» What this task involves: Nothing but the lines from the top of the following entries through the line with "by (simp add: p_def algebra_simps)" should be printed, exactly as they are.

[Records from a data source]
(* fmap a z = z (1 - p) with 0 <= p = (z + a) (2 - z) <= ((a + 2) / 2)^2, which is at most 2
   exactly when a <= 2 sqrt 2 - 2. *)
lemma abs_fmap_le:
  assumes "0 < a" "a \<le> 2 * sqrt 2 - 2" "-a \<le> z" "z \<le> 2"
  shows "\<bar>fmap a z\<bar> \<le> \<bar>z\<bar>"
proof -
  define p where "p = (z + a) * (2 - z)"
  have "(a + 2)^2 \<le> (2 * sqrt 2)^2"
    using assms by (intro power_mono) auto
  then have "(4 - 4 * a - a^2)/4 \<ge> 0"
    by (simp add: power2_eq_square algebra_simps)
  moreover have "2 - p = (z - (2 - a)/2)^2 + (4 - 4 * a - a^2)/4"
    unfolding p_def by (simp add: power2_eq_square field_simps)
  ultimately have "p \<le> 2"
    using zero_le_power2[of "z - (2 - a)/2"] by linarith
  moreover have "p \<ge> 0"
    unfolding p_def using assms by simp
  ultimately have "\<bar>1 - p\<bar> \<le> 1"
    by auto
  then show ?thesis
    by (simp add: fmap_eq_mult p_def[symmetric] abs_mult mult_left_le)
qed

lemma abs_funpow_fmap_Suc_le:
  assumes "0 < a" "a \<le> 2 * sqrt 2 - 2" "-a \<le> x" "x \<le> 2"
  shows "\<bar>(fmap a ^^ Suc t) x\<bar> \<le> \<bar>(fmap a ^^ t) x\<bar>"
proof -
  have "sqrt 2 \<le> sqrt 4"
    by (rule real_sqrt_le_mono) simp
  then have "a \<le> 2"
    using assms(2) by simp
  then show ?thesis
    using funpow_fmap_mem_box[OF assms(1) _ assms(3,4)] abs_fmap_le[OF assms(1,2)] by simp
qed


section \<open>Convergence to zero for small parameters\<close>

(* |z| alone is not decreasing: fmap a maps points near 1 to negative points of larger modulus. *)
definition lyap :: "real \<Rightarrow> real" where
  "lyap z = \<bar>z\<bar> + (max z 0)^2"

lemma continuous_on_lyap: "continuous_on S lyap"
  unfolding lyap_def by (intro continuous_intros)

lemma abs_le_lyap: "\<bar>z\<bar> \<le> lyap z"
  unfolding lyap_def by simp

lemma fmap_maps_lower_interval:
  assumes "0 < a" "a \<le> 1" "-a < z" "z < 1"
  shows "-a < fmap a z \<and> fmap a z < 1"
proof
  show "-a < fmap a z"
    using fmap_add_eq[of a z] assms by (smt (verit) mult_pos_pos zero_less_power2)
  define p where "p = (z + a) * (2 - z)"
  have "0 < p"
    using assms by (simp add: p_def)
  have p_eq: "p = 2 * a + z * (2 - a - z)"
    by (simp add: p_def algebra_simps)
  show "fmap a z < 1"
  proof (cases "z \<le> 0")
    case True
    then have "z * (2 - a - z) \<le> 0"
      using assms by (intro mult_nonpos_nonneg) auto
    then have "\<bar>1 - p\<bar> \<le> 1"
      using \<open>0 < p\<close> p_eq assms by linarith
    then have "\<bar>fmap a z\<bar> \<le> \<bar>z\<bar>"
      by (simp add: fmap_eq_mult p_def[symmetric] abs_mult mult_left_le)
    then show ?thesis
      using assms True by linarith
  next
    case False
    then have "z * (1 - p) < z * 1"
      using \<open>0 < p\<close> by (intro mult_strict_left_mono) auto
    then show ?thesis
      using assms by (simp add: fmap_eq_mult p_def[symmetric])
  qed
qed

lemma lyap_fmap_less_of_neg:
  assumes "0 < a" "a \<le> 1" "-a < z" "z < 0"
  shows "lyap (fmap a z) < lyap z"
proof -
  define p where "p = (z + a) * (2 - z)"
  have f: "fmap a z = z * (1 - p)"
    by (simp add: fmap_eq_mult p_def)
  have p: "0 < p" "p \<le> (z + 1) * (2 - z)"
    using assms by (auto simp: p_def intro: mult_right_mono)
  show ?thesis
  proof (cases "p \<le> 1")
    case True
    then show ?thesis
      using p assms by (simp add: lyap_def f abs_mult mult_nonpos_nonneg mult_less_cancel_left_neg)
  next
    case False
    define s q where "s = -z" and "q = p - 1"
    have sq: "0 < s" "0 < q" "q \<le> 1 - s - s^2"
      using False p assms by (auto simp: s_def q_def power2_eq_square algebra_simps)
    then have "q < 1"
      using zero_le_power2[of s] by linarith
    then have "s^2 * q^2 < s^2"
      using sq by (simp add: abs_square_less_1)
    moreover have "s * q \<le> s * (1 - s - s^2)"
      using sq by (intro mult_left_mono) auto
    moreover have "0 < s^3"
      using sq by simp
    ultimately have "s * q + (s * q)^2 < s"
      by (simp add: power_mult_distrib power2_eq_square power3_eq_cube algebra_simps)
    moreover have "fmap a z = s * q"
      by (simp add: f s_def q_def algebra_simps)
    then have "lyap (fmap a z) = s * q + (s * q)^2"
      using sq by (simp add: lyap_def)
    moreover have "lyap z = s"
      using assms by (simp add: lyap_def s_def)
    ultimately show ?thesis
      by simp
  qed
qed

lemma lyap_fmap_less_of_pos:
  assumes "0 < a" "a \<le> 1" "0 < z" "z < 1"
  shows "lyap (fmap a z) < lyap z"
proof -
  define p where "p = (z + a) * (2 - z)"
  have f: "fmap a z = z * (1 - p)"
    by (simp add: fmap_eq_mult p_def)
  have p: "0 < p" "p \<le> (z + 1) * (2 - z)"
    using assms by (auto simp: p_def intro: mult_right_mono)
  show ?thesis
  proof (cases "p \<le> 1")
    case True
    then have "0 \<le> fmap a z" "fmap a z < z"
      using p assms by (simp_all add: f mult_less_cancel_left1)
    then show ?thesis
      using assms by (simp add: lyap_def add_strict_mono power_strict_mono)
  next
    case False
    have "(z + 1) * (2 - z) = 2 + z - z^2"
      by (simp add: power2_eq_square algebra_simps)
    then have "p - 1 < 1 + z"
      using p assms by (smt (verit) zero_less_power2)
    then have "z * (p - 1) < z * (1 + z)"
      using assms by (intro mult_strict_left_mono)
    then show ?thesis
      using False assms by (simp add: lyap_def f mult_pos_neg power2_eq_square algebra_simps)
  qed
qed

lemma lyap_fmap_less:
  assumes "0 < a" "a \<le> 1" "-a < z" "z < 1" "z \<noteq> 0"
  shows "lyap (fmap a z) < lyap z"
  using assms lyap_fmap_less_of_neg[of a z] lyap_fmap_less_of_pos[of a z] by linarith

lemma lyap_fmap_eq_imp_zero:
  assumes "0 < a" "a \<le> 1" "-a < c" "c \<le> 1" "lyap (fmap a c) = lyap c"
  shows "c = 0"
proof (rule ccontr)
  assume "c \<noteq> 0"
  show False
  proof (cases "c = 1")
    case True
    then show False
      using assms by (simp add: lyap_def fmap_one)
  next
    case False
    then show False
      using lyap_fmap_less[of a c] assms \<open>c \<noteq> 0\<close> by simp
  qed
qed

lemma funpow_fmap_mem_lower_interval:
  assumes "0 < a" "a \<le> 1" "-a < x" "x < 1"
  shows "-a < (fmap a ^^ t) x \<and> (fmap a ^^ t) x < 1"
  by (induction t) (use assms fmap_maps_lower_interval in auto)

lemma lyap_funpow_fmap_Suc_le:
  assumes "0 < a" "a \<le> 1" "-a < x" "x < 1"
  shows "lyap ((fmap a ^^ Suc t) x) \<le> lyap ((fmap a ^^ t) x)"
proof (cases "(fmap a ^^ t) x = 0")
  case True
  then show ?thesis
    by (simp add: fmap_def)
next
  case False
  then show ?thesis
    using lyap_fmap_less[OF assms(1,2)] funpow_fmap_mem_lower_interval[OF assms, of t]
    by (simp add: less_imp_le)
qed

lemma fmap_orbit_tendsto_zero_from_lower:
  assumes a: "0 < a" "a \<le> 1" and x: "-a < x" "x < 1"
  shows "(\<lambda>t. (fmap a ^^ t) x) \<longlonglongrightarrow> 0"
proof -
  define u where "u t = (fmap a ^^ t) x" for t
  have u_Suc: "u (Suc t) = fmap a (u t)" for t
    by (simp add: u_def)
  have u_in: "-a < u t \<and> u t < 1" for t
    unfolding u_def by (rule funpow_fmap_mem_lower_interval[OF a x])
  have lyap_step: "lyap (u (Suc t)) \<le> lyap (u t)" for t
    unfolding u_def by (rule lyap_funpow_fmap_Suc_le[OF a x])
  have "u t \<in> {-a..1}" for t
    using u_in[of t] by simp
  then obtain c where c: "c \<in> {-a..1}" "(\<lambda>t. lyap (u t)) \<longlonglongrightarrow> lyap c" "lyap (fmap a c) = lyap c"
    and near: "\<And>e. e > 0 \<Longrightarrow> \<exists>t. dist (u t) c < e"
    using orbit_lyapunov_limit_point[of "{-a..1}" "fmap a" lyap u, OF compact_Icc
        continuous_on_fmap continuous_on_lyap _ u_Suc lyap_step]
    by blast
  have lyap_le: "lyap c \<le> lyap (u t)" for t
    using decseq_ge[OF _ c(2)] lyap_step by (simp add: decseq_Suc_iff)
  have "c \<noteq> -a"
  proof
    assume "c = -a"
    \<comment> \<open>The fixed point -a is only approached from (-a, 0), where lyap z = |z| < a = lyap (-a).\<close>
    then obtain t where "dist (u t) (-a) < a"
      using near a by blast
    then have "lyap (u t) < lyap c"
      using u_in[of t] \<open>c = -a\<close> a by (simp add: lyap_def dist_real_def)
    then show False
      using lyap_le[of t] by simp
  qed
  then have "c = 0"
    using lyap_fmap_eq_imp_zero[OF a _ _ c(3)] c(1) by simp
  then have "(\<lambda>t. lyap (u t)) \<longlonglongrightarrow> 0"
    using c(2) by (simp add: lyap_def)
  moreover have "\<forall>\<^sub>F t in sequentially. norm (u t) \<le> lyap (u t)"
    by (simp add: abs_le_lyap)
  ultimately have "u \<longlonglongrightarrow> 0"
    using Lim_null_comparison[of u "\<lambda>t. lyap (u t)"] by blast
  then show ?thesis
    by (simp add: u_def[abs_def])
qed

lemma fmap_drift_down:
  assumes "0 < a" "1 < z" "z \<le> y" "y < 2"
  shows "fmap a z \<le> z - (1 + a) * (2 - y)"
proof -
  have "1 + a \<le> z * (z + a)"
    using mult_mono[of 1 z "1 + a" "z + a"] assms by simp
  then have "z * (z + a) * (z - 2) \<le> (1 + a) * (z - 2)"
    using assms by (intro mult_right_mono_neg) auto
  also have "\<dots> \<le> (1 + a) * (y - 2)"
    using assms by (intro mult_left_mono) auto
  finally show ?thesis
    using fmap_diff_self_eq[of a z] by (simp add: algebra_simps)
qed

lemma fmap_orbit_leaves_upper:
  assumes a: "0 < a" "a \<le> 2" and x: "-a \<le> x" "x \<le> 2"
    and avoid: "\<And>t. (fmap a ^^ t) x \<notin> {-a, 2}"
  obtains t where "-a < (fmap a ^^ t) x" "(fmap a ^^ t) x < 1"
proof -
  define u where "u t = (fmap a ^^ t) x" for t
  have u_Suc: "u (Suc t) = fmap a (u t)" for t
    by (simp add: u_def)
  have u_in: "-a < u t \<and> u t < 2" for t
    using funpow_fmap_mem_box[OF a x, of t] avoid[of t] by (auto simp: u_def)
  have "\<exists>t. u t < 1"
  proof (rule ccontr)
    assume "\<not> (\<exists>t. u t < 1)"
    moreover have "u t \<noteq> 1" for t
      using avoid[of "Suc t"] by (auto simp: u_def fmap_one)
    ultimately have upper: "1 < u t" for t
      by (metis linorder_neqE_linordered_idom)
    define d where "d = (1 + a) * (2 - x)"
    have "0 < d"
      using a u_in[of 0] by (simp add: d_def u_def)
    have drift: "u t \<le> x - real t * d" for t
    proof (induction t)
      case (Suc t)
      have "0 \<le> real t * d"
        using \<open>0 < d\<close> by simp
      then have "u t \<le> x"
        using Suc by linarith
      moreover have "x < 2"
        using u_in[of 0] by (simp add: u_def)
      ultimately have "u (Suc t) \<le> u t - d"
        using fmap_drift_down[OF a(1) upper[of t]] by (simp add: u_Suc d_def)
      then show ?case
        using Suc by (simp add: algebra_simps)
    qed (simp add: u_def)
    obtain n where "x < real n * d"
      using reals_Archimedean3[OF \<open>0 < d\<close>] by blast
    then show False
      using drift[of n] upper[of n] by linarith
  qed
  then show ?thesis
    using that u_in by (auto simp: u_def)
qed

» Expected answer:
(* fmap a z = z (1 - p) with 0 <= p = (z + a) (2 - z) <= ((a + 2) / 2)^2, which is at most 2
   exactly when a <= 2 sqrt 2 - 2. *)
lemma abs_fmap_le:
  assumes "0 < a" "a \<le> 2 * sqrt 2 - 2" "-a \<le> z" "z \<le> 2"
  shows "\<bar>fmap a z\<bar> \<le> \<bar>z\<bar>"
proof -
  define p where "p = (z + a) * (2 - z)"
  have "(a + 2)^2 \<le> (2 * sqrt 2)^2"
    using assms by (intro power_mono) auto
  then have "(4 - 4 * a - a^2)/4 \<ge> 0"
    by (simp add: power2_eq_square algebra_simps)
  moreover have "2 - p = (z - (2 - a)/2)^2 + (4 - 4 * a - a^2)/4"
    unfolding p_def by (simp add: power2_eq_square field_simps)
  ultimately have "p \<le> 2"
    using zero_le_power2[of "z - (2 - a)/2"] by linarith
  moreover have "p \<ge> 0"
    unfolding p_def using assms by simp
  ultimately have "\<bar>1 - p\<bar> \<le> 1"
    by auto
  then show ?thesis
    by (simp add: fmap_eq_mult p_def[symmetric] abs_mult mult_left_le)
qed

lemma abs_funpow_fmap_Suc_le:
  assumes "0 < a" "a \<le> 2 * sqrt 2 - 2" "-a \<le> x" "x \<le> 2"
  shows "\<bar>(fmap a ^^ Suc t) x\<bar> \<le> \<bar>(fmap a ^^ t) x\<bar>"
proof -
  have "sqrt 2 \<le> sqrt 4"
    by (rule real_sqrt_le_mono) simp
  then have "a \<le> 2"
    using assms(2) by simp
  then show ?thesis
    using funpow_fmap_mem_box[OF assms(1) _ assms(3,4)] abs_fmap_le[OF assms(1,2)] by simp
qed


section \<open>Convergence to zero for small parameters\<close>

(* |z| alone is not decreasing: fmap a maps points near 1 to negative points of larger modulus. *)
definition lyap :: "real \<Rightarrow> real" where
  "lyap z = \<bar>z\<bar> + (max z 0)^2"

lemma continuous_on_lyap: "continuous_on S lyap"
  unfolding lyap_def by (intro continuous_intros)

lemma abs_le_lyap: "\<bar>z\<bar> \<le> lyap z"
  unfolding lyap_def by simp

lemma fmap_maps_lower_interval:
  assumes "0 < a" "a \<le> 1" "-a < z" "z < 1"
  shows "-a < fmap a z \<and> fmap a z < 1"
proof
  show "-a < fmap a z"
    using fmap_add_eq[of a z] assms by (smt (verit) mult_pos_pos zero_less_power2)
  define p where "p = (z + a) * (2 - z)"
  have "0 < p"
    using assms by (simp add: p_def)
  have p_eq: "p = 2 * a + z * (2 - a - z)"
    by (simp add: p_def algebra_simps)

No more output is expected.